Perhaps one of the most dramatic literary types, the Gothic style has fallen into an era of unpredictable and uneasy revolution that delicately builds the foundation of a horror story that was not seen in modern society. I like to stay a bedridden until the 7-year-old Bramstock artist and mother-in-law Mary Shelley flourish and produce revolutionary literary works in their revolution. Bram Stoker born in 1847 is a bedridden sick child 7 years old.
Evidence is used to closely analyze Mary Mary's "Frankenstein" and Bram Stoker's "Dracula" and explain why these two include Gothic Horror type features. In order to explain the characteristics of Gothic terrorism, I was asked to write an article to compare two Gothic horror novels "Frankenstein" and "Dracula". Frankenstein was written by Mary Sherry in 1818. Sherry was born in August 1797; during this time, the terror of Gothic type attracted a lot of attention. Shelly lost his child's sentiment and wrote Frankenstein, so he got inspiration. Shelly wants to reproduce the body's animation through roles or winners. The fact that this novel belongs to the Gothic horror movie may be the influence of that writing period. This episode contains a conflict within Frankenstein. Because of his affection for science, he resurrected part of the corpse and formed monsters like living things.

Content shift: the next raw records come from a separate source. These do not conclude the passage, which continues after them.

lemma pseudo_orbit_funpow_unfold:
  assumes "f ` X \<subseteq> X" "Y \<subseteq> X" "0 < n" "pseudo_orbit Y (f ^^ n) \<delta> z"
  shows "pseudo_orbit X f \<delta> (\<lambda>i. (f ^^ (i mod n)) (z (i div n)))"
  unfolding pseudo_orbit_def
proof (intro conjI allI)
  show "(f ^^ (i mod n)) (z (i div n)) \<in> X" for i
    using assms(2,4) funpow_mem[OF assms(1)] unfolding pseudo_orbit_def by blast
  have step: "dist ((f ^^ n) (z i)) (z (Suc i)) \<le> \<delta>" for i
    using assms(4) unfolding pseudo_orbit_def by simp
  fix i
  show "dist (f ((f ^^ (i mod n)) (z (i div n)))) ((f ^^ (Suc i mod n)) (z (Suc i div n))) \<le> \<delta>"
  proof (cases "Suc (i mod n) = n")
    case True
    then have "Suc i mod n = 0" "Suc i div n = Suc (i div n)"
      by (simp_all add: mod_Suc div_Suc)
    moreover have "f ((f ^^ (i mod n)) (z (i div n))) = (f ^^ n) (z (i div n))"
      by (subst True[symmetric]) simp
    ultimately show ?thesis using step by simp
  next
    case False
    then have "Suc i mod n = Suc (i mod n)" "Suc i div n = i div n"
      by (simp_all add: mod_Suc div_Suc)
    moreover have "0 \<le> \<delta>"
      using step[of 0] zero_le_dist[of "(f ^^ n) (z 0)" "z (Suc 0)"] by linarith
    ultimately show ?thesis by (simp only: funpow.simps comp_apply dist_self)
  qed
qed

locale chain_transitive_map =
  fixes X :: "'a::metric_space set" and f :: "'a \<Rightarrow> 'a"
  assumes chain_transitive: "chain_transitive X f"
    and maps_into: "f ` X \<subseteq> X"
begin

lemma has_chain_exists:
  assumes "x \<in> X" "y \<in> X" "0 < \<delta>"
  obtains k where "has_chain X f \<delta> x y k"
  using chain_transitive assms unfolding chain_transitive_iff by blast

lemma cycle_gcd_pos:
  assumes "X \<noteq> {}" "0 < \<delta>"
  shows "0 < cycle_gcd X f \<delta>"
proof -
  obtain x where "x \<in> X" using assms(1) by blast
  then obtain k where k: "has_chain X f \<delta> x x k" using has_chain_exists assms(2) by metis
  then have "cycle_gcd X f \<delta> dvd k" by (rule cycle_gcd_dvd)
  then show ?thesis using has_chainD(3)[OF k] by (metis dvd_0_left_iff gr0I not_one_le_zero)
qed

lemma cycle_gcd_dvd_chain_lengths:
  assumes "0 < \<delta>" "has_chain X f \<delta> x y a" "has_chain X f \<delta> x y b"
    and "cycle_gcd X f \<delta> dvd a"
  shows "cycle_gcd X f \<delta> dvd b"
proof -
  obtain k where k: "has_chain X f \<delta> y x k"
    using has_chain_exists has_chainD(1,2)[OF assms(2)] assms(1) by metis
  have "cycle_gcd X f \<delta> dvd a + k"
    using has_chain_trans[OF assms(2) k] by (rule cycle_gcd_dvd)
  then have "cycle_gcd X f \<delta> dvd k"
    using assms(4) by (simp add: dvd_add_right_iff)
  moreover have "cycle_gcd X f \<delta> dvd b + k"
    using has_chain_trans[OF assms(3) k] by (rule cycle_gcd_dvd)
  ultimately show ?thesis
    by (simp add: dvd_add_left_iff)
qed

lemma sim_delta_iff_dvd:
  assumes "0 < \<delta>" "has_chain X f \<delta> x y a"
  shows "sim_delta X f \<delta> x y \<longleftrightarrow> cycle_gcd X f \<delta> dvd a"
  using cycle_gcd_dvd_chain_lengths[OF assms(1)] assms(2) unfolding sim_delta_iff by blast

lemma sim_delta_if_dist_less:
  assumes "x \<in> X" "y \<in> X" "dist x y < \<delta>"
  shows "sim_delta X f \<delta> x y"
proof -
  define \<eta> where "\<eta> = \<delta> - dist x y"
  have "0 < \<eta>" using assms(3) unfolding \<eta>_def by simp
  then obtain k where k: "has_chain X f \<eta> x x k" using has_chain_exists assms(1) by metis
  have "\<eta> \<le> \<delta>" unfolding \<eta>_def by simp
  then have "cycle_gcd X f \<delta> dvd k" using k by (blast intro: cycle_gcd_dvd has_chain_mono)
  moreover have "has_chain X f \<delta> x y k"
    using k assms(2) unfolding \<eta>_def by (rule has_chain_move_end) simp
  ultimately show ?thesis unfolding sim_delta_iff by blast
qed

lemma equiv_sim_delta:
  assumes "0 < \<delta>"
  shows "equiv X (sim_delta_rel X f \<delta>)"
proof (rule equivI)
  show "sim_delta_rel X f \<delta> \<subseteq> X \<times> X"
    by (auto dest: sim_deltaD)
  show "refl_on X (sim_delta_rel X f \<delta>)"
    using sim_delta_if_dist_less assms by (simp add: refl_on_def)
  show "sym (sim_delta_rel X f \<delta>)"
  proof (rule symI)
    fix x y assume "(x, y) \<in> sim_delta_rel X f \<delta>"
    then obtain a where a: "has_chain X f \<delta> x y a" "cycle_gcd X f \<delta> dvd a"
      unfolding sim_delta_iff by blast
    obtain b where b: "has_chain X f \<delta> y x b"
      using has_chain_exists has_chainD(1,2)[OF a(1)] assms by metis
    have "cycle_gcd X f \<delta> dvd a + b" using has_chain_trans[OF a(1) b] by (rule cycle_gcd_dvd)
    then have "cycle_gcd X f \<delta> dvd b" using a(2) by (simp add: dvd_add_right_iff)
    then show "(y, x) \<in> sim_delta_rel X f \<delta>" using b unfolding sim_delta_iff by blast
  qed
  show "trans (sim_delta_rel X f \<delta>)"
    by (rule transI) (auto simp: sim_delta_iff intro: has_chain_trans)
qed

lemma sim_delta_funpow_cycle_gcd:
  assumes "x \<in> X" "0 < \<delta>"
  shows "sim_delta X f \<delta> x ((f ^^ cycle_gcd X f \<delta>) x)"
proof -
  have "1 \<le> cycle_gcd X f \<delta>" using cycle_gcd_pos assms by fastforce
  then have "has_chain X f \<delta> x ((f ^^ cycle_gcd X f \<delta>) x) (cycle_gcd X f \<delta>)"
    using has_chain_funpow[OF maps_into assms(1) _, of _ \<delta>] assms(2) by simp
  then show ?thesis by (simp add: sim_delta_iff_dvd[OF assms(2)])
qed

lemma quotient_sim_delta_eq:
  assumes "x0 \<in> X" "0 < \<delta>"
  shows "X // sim_delta_rel X f \<delta> = (\<lambda>j. sim_delta_rel X f \<delta> `` {(f ^^ j) x0}) ` {1..cycle_gcd X f \<delta>}"
proof -
  let ?m = "cycle_gcd X f \<delta>"
  have "\<exists>j\<in>{1..?m}. sim_delta X f \<delta> x ((f ^^ j) x0)" if x: "x \<in> X" for x
  proof -
    obtain c where c: "has_chain X f \<delta> x x0 c" using has_chain_exists[OF x assms] by blast
    define j where "j = ?m - c mod ?m"
    have m: "0 < ?m" using cycle_gcd_pos assms by blast
    then have j: "j \<in> {1..?m}" unfolding j_def using mod_less_divisor[OF m, of c] by simp
    then have "has_chain X f \<delta> x ((f ^^ j) x0) (c + j)"
      using has_chain_trans[OF c has_chain_funpow[OF maps_into assms(1)]] assms by simp
    moreover have "?m dvd c + j"
      unfolding j_def using m by (rule dvd_add_complement_mod)
    ultimately show ?thesis using j sim_delta_iff_dvd assms(2) by blast
  qed
  then have "sim_delta_rel X f \<delta> `` {x} \<in> (\<lambda>j. sim_delta_rel X f \<delta> `` {(f ^^ j) x0}) ` {1..?m}"
    if "x \<in> X" for x
    using equiv_class_eq[OF equiv_sim_delta[OF assms(2)]] that by blast
  moreover have "(\<lambda>j. sim_delta_rel X f \<delta> `` {(f ^^ j) x0}) ` {1..?m} \<subseteq> X // sim_delta_rel X f \<delta>"
    using funpow_mem[OF maps_into assms(1)] by (blast intro: quotientI)
  ultimately show ?thesis
    by (blast elim: quotientE)
qed

lemma not_sim_delta_funpow:
  assumes "x \<in> X" "0 < \<delta>" "i < j" "j - i < cycle_gcd X f \<delta>"
  shows "\<not> sim_delta X f \<delta> ((f ^^ i) x) ((f ^^ j) x)"
proof -
  have "(f ^^ (j - i)) ((f ^^ i) x) = (f ^^ (j - i + i)) x"
    by (simp add: funpow_add)
  then have "(f ^^ (j - i)) ((f ^^ i) x) = (f ^^ j) x"
    using assms(3) by simp
  then have "has_chain X f \<delta> ((f ^^ i) x) ((f ^^ j) x) (j - i)"
    using has_chain_funpow[OF maps_into funpow_mem[OF maps_into assms(1)], of "j - i" \<delta> i] assms(2,3)
    by simp
  moreover have "\<not> cycle_gcd X f \<delta> dvd j - i"
    using assms(3,4) by (auto dest: dvd_imp_le)
  ultimately show ?thesis using sim_delta_iff_dvd[OF assms(2)] by blast
qed

lemma card_quotient_sim_delta:
  assumes "X \<noteq> {}" "0 < \<delta>"
  shows "card (X // sim_delta_rel X f \<delta>) = cycle_gcd X f \<delta>"
proof -
  let ?R = "sim_delta_rel X f \<delta>" and ?m = "cycle_gcd X f \<delta>"
  obtain x0 where x0: "x0 \<in> X" using assms(1) by blast
  have "inj_on (\<lambda>j. ?R `` {(f ^^ j) x0}) {1..?m}"
  proof (rule inj_onI)
    fix i j assume ij: "i \<in> {1..?m}" "j \<in> {1..?m}" and eq: "?R `` {(f ^^ i) x0} = ?R `` {(f ^^ j) x0}"
    have "((f ^^ i) x0, (f ^^ j) x0) \<in> ?R" "((f ^^ j) x0, (f ^^ i) x0) \<in> ?R"
      using eq eq_equiv_class_iff[OF equiv_sim_delta[OF assms(2)]] funpow_mem[OF maps_into x0] by blast+
    moreover have "j - i < ?m" "i - j < ?m" using ij by auto
    ultimately show "i = j"
      using not_sim_delta_funpow[OF x0 assms(2), of i j] not_sim_delta_funpow[OF x0 assms(2), of j i] ij
      by (cases i j rule: linorder_cases) auto
  qed
  then show ?thesis
    using quotient_sim_delta_eq[OF x0 assms(2)] by (simp add: card_image)
qed

end

definition lipschitz_shadowing_upto :: "'a::metric_space set \<Rightarrow> ('a \<Rightarrow> 'a) \<Rightarrow> real \<Rightarrow> real \<Rightarrow> bool" where
  "lipschitz_shadowing_upto Y g L \<delta>0 \<longleftrightarrow>
     (\<forall>\<delta>. 0 < \<delta> \<and> \<delta> \<le> \<delta>0 \<longrightarrow> (\<forall>x. pseudo_orbit Y g \<delta> x \<longrightarrow> (\<exists>y. shadows Y g (L * \<delta>) x y)))"

lemma lipschitz_shadowing_iff:
  "lipschitz_shadowing Y g L \<longleftrightarrow> (\<exists>\<delta>0>0. lipschitz_shadowing_upto Y g L \<delta>0)"
  unfolding lipschitz_shadowing_def lipschitz_shadowing_upto_def by blast

locale chain_transitive_lipschitz_shadowing = chain_transitive_map +
  fixes L \<delta>0 :: real
  assumes L_pos: "0 < L" and L_less_1: "L < 1" and \<delta>0_pos: "0 < \<delta>0"
    and shadowing: "lipschitz_shadowing_upto X f L \<delta>0"
begin

lemma shadowingE:
  assumes "0 < \<delta>" "\<delta> \<le> \<delta>0" "pseudo_orbit X f \<delta> z"
  obtains y where "y \<in> X" "\<And>i. dist ((f ^^ i) y) (z i) \<le> L * \<delta>"
  using shadowing assms unfolding lipschitz_shadowing_upto_def shadows_def by blast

The most common novel compared to Dracula is Frankenstein of Mary Sherry, published about 188 years from Dracula in 1818. Like Dracula, Frankenstein is a letter in a novel that includes the first person to talk to scary monsters. Both novels contain a typical 'gothic' element like the ancient castle and have an unimpeded natural landscape; neither is the interaction between "science" (or "rationality") and superstition It is a consideration for. However, the fact that Dracula was written in the end actually masks the foundation of Dracula in today's Romanian mythology, including the mention of "Vampire". On the other hand, Frankenstein is more or less Sherry's invention, but it explains the ancient story of making humans with inactive substances, including the myth of "Pygmalion", more broadly.
I mention the strange story of Mary Shelley's Frankenstein (published in 1818, revised in 1834), Dr. Jekyll and Hyde's Robert Louis Stevenson (1887), and of course Dracula. Love rum stock (1897). When briefly explaining these three pieces, I regard the doctor as a monster manufacturer, a doctor as a monster, a doctor as a hunter and a monster murderer. At the turn of the 19th century, Victor Frankenstein was portrayed as an excellent young scholar at Ingolstadt University. He specializes in chemistry for two years and continues to study anatomy and physiology. He examines the process of death, finds the secret of life itself, and makes people from the collected body parts. The selected part is perfect, but the whole is difficult to see, and the creator gave up on her fear and disgust.